Internally, the program for the construction of railways continued, including the Madeira-Mamoré railroad and technical-professional schools, outlined in the Afonso Pena government. The University of Paraná was created. Fonseca also completed the renovations and works of the Vila Militar de Deodoro and the Central Hospital of the Army, among others, in addition to the workers' villages in Rio de Janeiro, in the suburb of Marechal Hermes and in the neighborhood of Gávea.

With the increasing union mobilizations in Rio de Janeiro, president Hermes took an attitude hitherto unheard of in the First Brazilian Republic, which tended to repress union movements; In 1912, by transporting and providing facilities, he sponsored the holding of the Fourth Brazilian Workers Congress, which had been organized by his son, then deputy Mário Hermes. Such government action, however, was viewed with suspicion by union leaders, who disliked the so-called "yellow" unionist current, which sought collaboration with the government.

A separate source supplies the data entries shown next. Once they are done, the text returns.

lemma expected_level_nodes_le_beta:
  fixes p :: "'a \<Rightarrow> real"
  assumes fin: "finite Hops" and pos: "\<And>x. x \<in> Hops \<Longrightarrow> 0 < p x"
    and sum1: "(\<Sum>x\<in>Hops. p x) = 1" and "j \<le> h"
  shows "expected_level_nodes h Hops p j \<le> beta h Hops p j"
proof -
  have nonneg: "\<And>x. x \<in> Hops \<Longrightarrow> 0 \<le> p x"
    using pos by (simp add: less_imp_le)
  have "expected_level_nodes h Hops p j \<le> 2^(h-j)"
  proof (rule expected_level_nodes_le[OF fin nonneg sum1])
    fix f
    have "card (dag_level_nodes h f j) \<le> 2^(h-j)"
      unfolding dag_level_nodes_eq using card_image_le[of "{..<(2::nat)^(h-j)}"] by simp
    then show "real (card (dag_level_nodes h f j)) \<le> 2^(h-j)"
      by (simp add: of_nat_le_iff[symmetric])
  qed
  moreover have "expected_level_nodes h Hops p j \<le> real (card Hops) ^ 2^j"
  proof (rule expected_level_nodes_le[OF fin nonneg sum1])
    fix f assume "f \<in> labelings h Hops"
    then have "card (dag_level_nodes h f j) \<le> card (words (2^j) Hops)"
      using dag_level_nodes_subset_words \<open>j \<le> h\<close> finite_lists_length_eq[OF fin] by (intro card_mono)
    then show "real (card (dag_level_nodes h f j)) \<le> real (card Hops) ^ 2^j"
      by (simp add: card_lists_length_eq[OF fin] of_nat_le_iff[symmetric])
  qed
  moreover have "j < h \<Longrightarrow> expected_level_nodes h Hops p j \<le> entropy_O Hops p / real (h - j) * 2^h + 3"
    by (rule expected_level_nodes_le_entropy[OF fin pos sum1])
  ultimately show ?thesis
    using \<open>j \<le> h\<close> by (auto simp: beta_def)
qed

He was the only president to marry during the presidential term, his first wife, Orsina Francioni da Fonseca, whom he married on 16 April 1879, died on 30 November 1912. His second wife was the caricaturist Nair de Tefé von Hoonholtz, daughter of the Baron of Tefé. Nair would later be considered a feminist; she took part in the first celebrations of the International Women's Year. The civil and religious ceremonies took place on 8 December 1913, at the Rio Negro Palace, in Petrópolis.

During his government, a decree was issued instituting the use of the presidential sash in Brazil. Hermes da Fonseca was the first president to use it and the first to pass it on to his successor. Since then, all presidents have received it on inauguration.

Hermes da Fonseca is one of the only three military officers who reached the presidency of the republic in a direct and electoral way. The other two were Eurico Gaspar Dutra and Jair Bolsonaro. Throughout his tenure he was in military uniform, including during ministerial meetings.

== Later years ==

Upon leaving the presidency, in November 1914, he ran for the Senate for Rio Grande do Sul, but refused to assume the chair, due to the murder of Pinheiro Machado, on the day he was supposed to be inaugurated, in September 1915. He then traveled to Europe, moving away from politics, and only returned to Brazil in 1920, after living in Switzerland for six years, when a new presidential campaign began.

Affectionately welcomed by the military, he was led to the presidency of the Military Club in 1921. In this condition he came into conflict with the government of Epitácio Pessoa by honoring the political forces that supported Nilo Peçanha's candidacy, in the "republican reaction" movement, and getting involved in the failed military revolt of 1922, known as the Copacabana Fort revolt.

During the 1922 presidential election, fake letters with offensive content directed at Hermes da Fonseca, where he was called "a sergeant without composure", were attributed to Artur Bernardes, which caused immense turmoil in those elections.

Fonseca's arrest was then ordered by president Epitácio Pessoa on 2 July 1922. The following day he was released by order of the same president Epitácio. Arrested again on July 5, accused of conspiracy in the revolt that began on that date in Rio de Janeiro, he spent six months in prison, released on habeas corpus in January 1923. Sick, he retired to Petrópolis, staying with his in-laws, the barons of Tefé. There he died on 9 September 1923. He was buried in the city's cemetery.